Vice President Joe Biden, who has long been considering a presidential bid, is increasingly leaning toward entering the race if it is still possible he can knit together a competitive campaign at this late date, people familiar with the matter said.
Mr. Biden still could opt to sit out the 2016 race, and he is weighing multiple political, financial and family considerations before making a final decision. But conversations about the possibility were a prominent feature of an August stay in South Carolina and his home in Delaware last week, these people said. A surprise weekend trip to Washington to meet with Sen. Elizabeth Warren (D., Mass.), a darling of the party’s liberal wing, represented a pivot from potential to likely candidate, one Biden supporter said.
“The vice president has not made a decision about his political future,” Biden spokeswoman Kendra Barkoff said. “Anyone speculating that he has made a decision is wrong.”
Mr. Biden would enter as a clear underdog. Polling shows Democratic front-runner Hillary Clinton running far ahead of the vice president, who would be building a campaign team largely from scratch. Mrs. Clinton, who declared her candidacy four months ago, has a robust campaign operation and an outside super PAC raising money on her behalf.

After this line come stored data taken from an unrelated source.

text \<open>The expected number of visits of the stopped walk to \<open>x\<close>, as the proof will show.\<close>
definition occupation :: "int pmf \<Rightarrow> int \<Rightarrow> real" where
  "occupation \<mu> x = potential_gap \<mu> x + pmf \<mu> x"

text \<open>Where \<open>occupation \<mu> x = 0\<close> the walk never visits \<open>x\<close>, so the value \<open>1\<close> there is arbitrary.\<close>
definition stopping_rate :: "int pmf \<Rightarrow> int \<Rightarrow> real" where
  "stopping_rate \<mu> x = (if occupation \<mu> x = 0 then 1 else pmf \<mu> x / occupation \<mu> x)"

context
  fixes \<mu> :: "int pmf"
  assumes mean_zero: "mean_zero_int \<mu>"
begin

lemma mean_zero_integrable: "integrable (measure_pmf \<mu>) real_of_int"
  using mean_zero unfolding mean_zero_int_def by simp

lemma mean_zero_expectation: "measure_pmf.expectation \<mu> real_of_int = 0"
  using mean_zero unfolding mean_zero_int_def by simp

lemma mean_zero_integrable_abs_diff: "integrable (measure_pmf \<mu>) (\<lambda>y. \<bar>real_of_int y - c\<bar>)"
  using mean_zero_integrable by (intro integrable_abs Bochner_Integration.integrable_diff) auto

lemma potential_gap_nonneg: "0 \<le> potential_gap \<mu> x"
proof -
  have "\<bar>measure_pmf.expectation \<mu> (\<lambda>y. real_of_int y - real_of_int x)\<bar> \<le> potential \<mu> x"
    unfolding potential_def by (rule integral_abs_bound)
  moreover have "measure_pmf.expectation \<mu> (\<lambda>y. real_of_int y - real_of_int x) = - real_of_int x"
    using mean_zero_integrable mean_zero_expectation by (subst Bochner_Integration.integral_diff) auto
  ultimately show ?thesis unfolding potential_gap_def by simp
qed

lemma potential_second_difference:
  "potential \<mu> (x - 1) + potential \<mu> (x + 1) = 2 * potential \<mu> x + 2 * pmf \<mu> x"
proof -
  have pointwise: "\<bar>real_of_int y - real_of_int (x - 1)\<bar> + \<bar>real_of_int y - real_of_int (x + 1)\<bar>
      = 2 * \<bar>real_of_int y - real_of_int x\<bar> + 2 * indicator {x} y" for y
    by (cases "y < x"; cases "y = x") (auto simp: indicator_def)
  have "potential \<mu> (x - 1) + potential \<mu> (x + 1) = measure_pmf.expectation \<mu>
      (\<lambda>y. \<bar>real_of_int y - real_of_int (x - 1)\<bar> + \<bar>real_of_int y - real_of_int (x + 1)\<bar>)"
    unfolding potential_def using mean_zero_integrable_abs_diff by (subst Bochner_Integration.integral_add) auto
  also have "\<dots> = measure_pmf.expectation \<mu>
      (\<lambda>y. 2 * \<bar>real_of_int y - real_of_int x\<bar> + 2 * indicator {x} y)"
    by (simp only: pointwise)
  also have "\<dots> = 2 * potential \<mu> x + 2 * pmf \<mu> x"
    unfolding potential_def using mean_zero_integrable_abs_diff
    by (subst Bochner_Integration.integral_add)
       (auto simp: measure_pmf_single measure_pmf.emeasure_eq_measure intro!: integrable_real_indicator)
  finally show ?thesis .
qed
lemma funpow_right_inverse:
  fixes f h :: "'a \<Rightarrow> 'a"
  assumes "\<And>y. f (h y) = y"
  shows "(f ^^ n) ((h ^^ n) y) = y"
proof (induction n arbitrary: y)
  case (Suc n)
  have "(h ^^ Suc n) y = (h ^^ n) (h y)"
    by (simp only: funpow_Suc_right comp_apply)
  then have "(f ^^ Suc n) ((h ^^ Suc n) y) = f ((f ^^ n) ((h ^^ n) (h y)))"
    by simp
  then show ?case
    using Suc assms by simp
qed simp

lemma isCont_fixed_point_of_limit:
  assumes "isCont g L" "X \<longlonglongrightarrow> L" "(\<lambda>k. g (X k)) \<longlonglongrightarrow> L"
  shows "g L = L"
  using LIMSEQ_unique[OF isCont_tendsto_compose[OF assms(1,2)] assms(3)] .

lemma affine_conj_homothety:
  fixes u \<kappa> \<sigma> \<tau> a b p :: real
  assumes "x \<noteq> x'" "\<kappa> \<noteq> 0"
    and "\<And>y. y \<in> {x, x'} \<Longrightarrow> u + \<kappa> * (a + \<sigma> * (y - a) - p) = b - \<tau> * (b - (u + \<kappa> * (y - p)))"
  shows "\<sigma> = \<tau>" "\<sigma> = 1 \<or> u + \<kappa> * (a - p) = b"
proof -
  have e1: "u + \<kappa> * (a + \<sigma> * (x - a) - p) = b - \<tau> * (b - (u + \<kappa> * (x - p)))"
    and e2: "u + \<kappa> * (a + \<sigma> * (x' - a) - p) = b - \<tau> * (b - (u + \<kappa> * (x' - p)))"
    using assms(3) by auto
  have "(\<sigma> - \<tau>) * (\<kappa> * (x - x')) =
      (u + \<kappa> * (a + \<sigma> * (x - a) - p) - (b - \<tau> * (b - (u + \<kappa> * (x - p))))) -
      (u + \<kappa> * (a + \<sigma> * (x' - a) - p) - (b - \<tau> * (b - (u + \<kappa> * (x' - p)))))"
    by (simp add: algebra_simps)
  also have "\<dots> = 0"
    using e1 e2 by simp
  finally show "\<sigma> = \<tau>"
    using assms(1,2) by simp
  have "(1 - \<sigma>) * (u + \<kappa> * (a - p) - b) =
      u + \<kappa> * (a + \<sigma> * (x - a) - p) - (b - \<sigma> * (b - (u + \<kappa> * (x - p))))"
    by (simp add: algebra_simps)
  also have "\<dots> = 0"
    using e1 \<open>\<sigma> = \<tau>\<close> by simp
  finally show "\<sigma> = 1 \<or> u + \<kappa> * (a - p) = b"
    by simp
qed

section \<open>Centralizers of bumps\<close>

definition restrict_id :: "real \<Rightarrow> real \<Rightarrow> (real \<Rightarrow> real) \<Rightarrow> real \<Rightarrow> real" where
  "restrict_id a b f t = (if t \<in> {a..b} then f t else t)"

locale PLo_bump =
  fixes K :: "(real \<Rightarrow> real) set" and g :: "real \<Rightarrow> real" and a b :: real
  assumes subgroup: "subgroup K PLo_group"
    and g_in: "g \<in> K"
    and orbital: "(a, b) \<in> orbitals g"
    and moves_up: "\<And>t. t \<in> {a<..<b} \<Longrightarrow> t < g t"
begin

lemma funpow_PLo: "g ^^ n \<in> PLo"
  using PLo_subgroup_funpow[OF subgroup g_in] PLo_subgroupD(1)[OF subgroup] by blast

lemma g_PLo: "g \<in> PLo"
  using funpow_PLo[of 1] by simp

lemma bump_bounds: "0 \<le> a" "a < b" "b \<le> 1" "g a = a" "g b = b"
  using PLo_orbital_subset_unit[OF g_PLo orbital] orbital by (auto simp: orbitals_def)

Still, the vice president’s deliberations illustrate how, with just six months before the first presidential nominating contests, both major parties’ campaigns are in a state of flux. Democrats are increasingly insecure about Mrs. Clinton’s candidacy, given her dipping approval ratings and continuing questions about her use of a private email server while secretary of state. Republicans, meanwhile, are struggling to find the proper tone in reacting to Donald Trump, whose no-holds-barred campaign style is dominating coverage of the GOP contest and nudging top contenders into uncomfortable sound bites.